Go through the listing below and output exactly the line with "fix z assume", the line with "using continuous_on_compose2[OF a_continuous_on", and each line between; omit the rest.

****************************************

lemma u_linear_approx:
  assumes t: "t \<in> {0..T}" and x: "x \<in> {-pi..pi}" and y: "y \<in> {-pi..pi}"
    and B: "\<And>z. z \<in> closed_segment x y \<Longrightarrow> \<bar>a t z - c\<bar> \<le> B"
  shows "\<bar>u t y - u t x - c * (y - x)\<bar> \<le> B * \<bar>y - x\<bar>"
proof -
  have "closed_segment x y \<subseteq> {-pi..pi}"
    using x y by (auto simp: closed_segment_eq_real_ivl)
  then have "\<And>z. z \<in> closed_segment x y \<Longrightarrow>
      ((\<lambda>z. u t z - c * z) has_real_derivative a t z - c) (at z within closed_segment x y)"
    by (auto intro!: derivative_eq_intros DERIV_subset[OF u_has_real_derivative[OF t]])
  then have "norm ((u t y - c * y) - (u t x - c * x)) \<le> B * norm (y - x)"
    by (rule field_differentiable_bound[OF convex_closed_segment]) (use B in auto)
  then show ?thesis
    by (simp add: algebra_simps)
qed

lemma u_uniformly_differentiable:
  assumes e: "e > 0"
  obtains d where "d > 0" and "\<And>t x y. t \<in> {0..T} \<Longrightarrow> x \<in> {-pi..pi} \<Longrightarrow> y \<in> {-pi..pi} \<Longrightarrow>
      \<bar>y - x\<bar> < d \<Longrightarrow> \<bar>u t y - u t x - a t x * (y - x)\<bar> \<le> e * \<bar>y - x\<bar>"
proof -
  have "uniformly_continuous_on ({0..T} \<times> {-pi..pi}) (\<lambda>p. a (fst p) (snd p))"
    by (intro compact_uniformly_continuous a_continuous_on compact_Times compact_Icc)
  then obtain d where "d > 0" and d: "\<And>p p'. p \<in> {0..T} \<times> {-pi..pi} \<Longrightarrow> p' \<in> {0..T} \<times> {-pi..pi} \<Longrightarrow>
      dist p' p < d \<Longrightarrow> dist (a (fst p') (snd p')) (a (fst p) (snd p)) < e"
    unfolding uniformly_continuous_on_def using e by metis
  show ?thesis
  proof (rule that[OF \<open>d > 0\<close>])
    fix t x y assume t: "t \<in> {0..T}" and x: "x \<in> {-pi..pi}" and y: "y \<in> {-pi..pi}"
      and "\<bar>y - x\<bar> < d"
    show "\<bar>u t y - u t x - a t x * (y - x)\<bar> \<le> e * \<bar>y - x\<bar>"
    proof (rule u_linear_approx[OF t x y])
      fix z assume z: "z \<in> closed_segment x y"
      then have "z \<in> {-pi..pi}" "\<bar>z - x\<bar> < d"
        using x y \<open>\<bar>y - x\<bar> < d\<close> by (auto simp: closed_segment_eq_real_ivl split: if_splits)
      then have "dist (a t z) (a t x) < e"
        using d[of "(t, x)" "(t, z)"] t x by (simp add: dist_Pair_Pair dist_real_def)
      then show "\<bar>a t z - a t x\<bar> \<le> e" by (simp add: dist_real_def)
    qed
  qed
qed

lemma a_along_char_continuous_on: "continuous_on {0..T} (\<lambda>s. a s (xs s))"
proof -
  have "continuous_on {0..T} xs"
    using char_ode by (intro has_derivative_continuous_on) (auto simp: has_field_derivative_def)
  moreover have "(\<lambda>s. (s, xs s)) ` {0..T} \<subseteq> {0..T} \<times> {-pi..pi}"
    using char_range by auto
  ultimately show ?thesis
    using continuous_on_compose2[OF a_continuous_on continuous_on_Pair[OF continuous_on_id]] by simp
qed

lemma a_along_path_has_real_derivative:
  assumes Y_range: "\<And>s. s \<in> {0..T} \<Longrightarrow> Y s \<in> {-pi..pi}"
    and Y: "(Y has_real_derivative Y') (at t within {0..T})"
    and t: "t \<in> {0..T}"
  shows "((\<lambda>s. a s (Y s)) has_real_derivative a_t t (Y t) + a_x t (Y t) * Y') (at t within {0..T})"
proof -
  have graph: "((\<lambda>s. (s, Y s)) has_derivative (\<lambda>h. (h, Y' * h))) (at t within {0..T})"
    using Y by (auto intro!: derivative_eq_intros simp: has_field_derivative_def mult.commute)
  have "(\<lambda>s. (s, Y s)) ` {0..T} \<subseteq> {0..T} \<times> {-pi..pi}"
    using Y_range by auto
  from diff_chain_within[OF graph has_derivative_subset[OF C1_deriv[OF t Y_range[OF t]] this]]
  have "((\<lambda>s. a s (Y s)) has_derivative (\<lambda>h. a_t t (Y t) * h + a_x t (Y t) * (Y' * h)))
      (at t within {0..T})"
    by (simp add: o_def)
  then show ?thesis
    unfolding has_field_derivative_def
    by (rule has_derivative_eq_rhs) (auto simp: algebra_simps)
qed

definition Phi :: "real \<Rightarrow> real" where
  "Phi t = exp (integral {0..t} (\<lambda>s. a s (xs s)))"

lemma Phi_has_real_derivative:
  "t \<in> {0..T} \<Longrightarrow> (Phi has_real_derivative a t (xs t) * Phi t) (at t within {0..T})"
  unfolding Phi_def[abs_def]
  by (rule DERIV_chain2[OF DERIV_exp integral_has_real_derivative[OF a_along_char_continuous_on],
      THEN DERIV_cong]) (simp_all add: mult.commute)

****************************************

## Result
      fix z assume z: "z \<in> closed_segment x y"
      then have "z \<in> {-pi..pi}" "\<bar>z - x\<bar> < d"
        using x y \<open>\<bar>y - x\<bar> < d\<close> by (auto simp: closed_segment_eq_real_ivl split: if_splits)
      then have "dist (a t z) (a t x) < e"
        using d[of "(t, x)" "(t, z)"] t x by (simp add: dist_Pair_Pair dist_real_def)
      then show "\<bar>a t z - a t x\<bar> \<le> e" by (simp add: dist_real_def)
    qed
  qed
qed

lemma a_along_char_continuous_on: "continuous_on {0..T} (\<lambda>s. a s (xs s))"
proof -
  have "continuous_on {0..T} xs"
    using char_ode by (intro has_derivative_continuous_on) (auto simp: has_field_derivative_def)
  moreover have "(\<lambda>s. (s, xs s)) ` {0..T} \<subseteq> {0..T} \<times> {-pi..pi}"
    using char_range by auto
  ultimately show ?thesis
    using continuous_on_compose2[OF a_continuous_on continuous_on_Pair[OF continuous_on_id]] by simp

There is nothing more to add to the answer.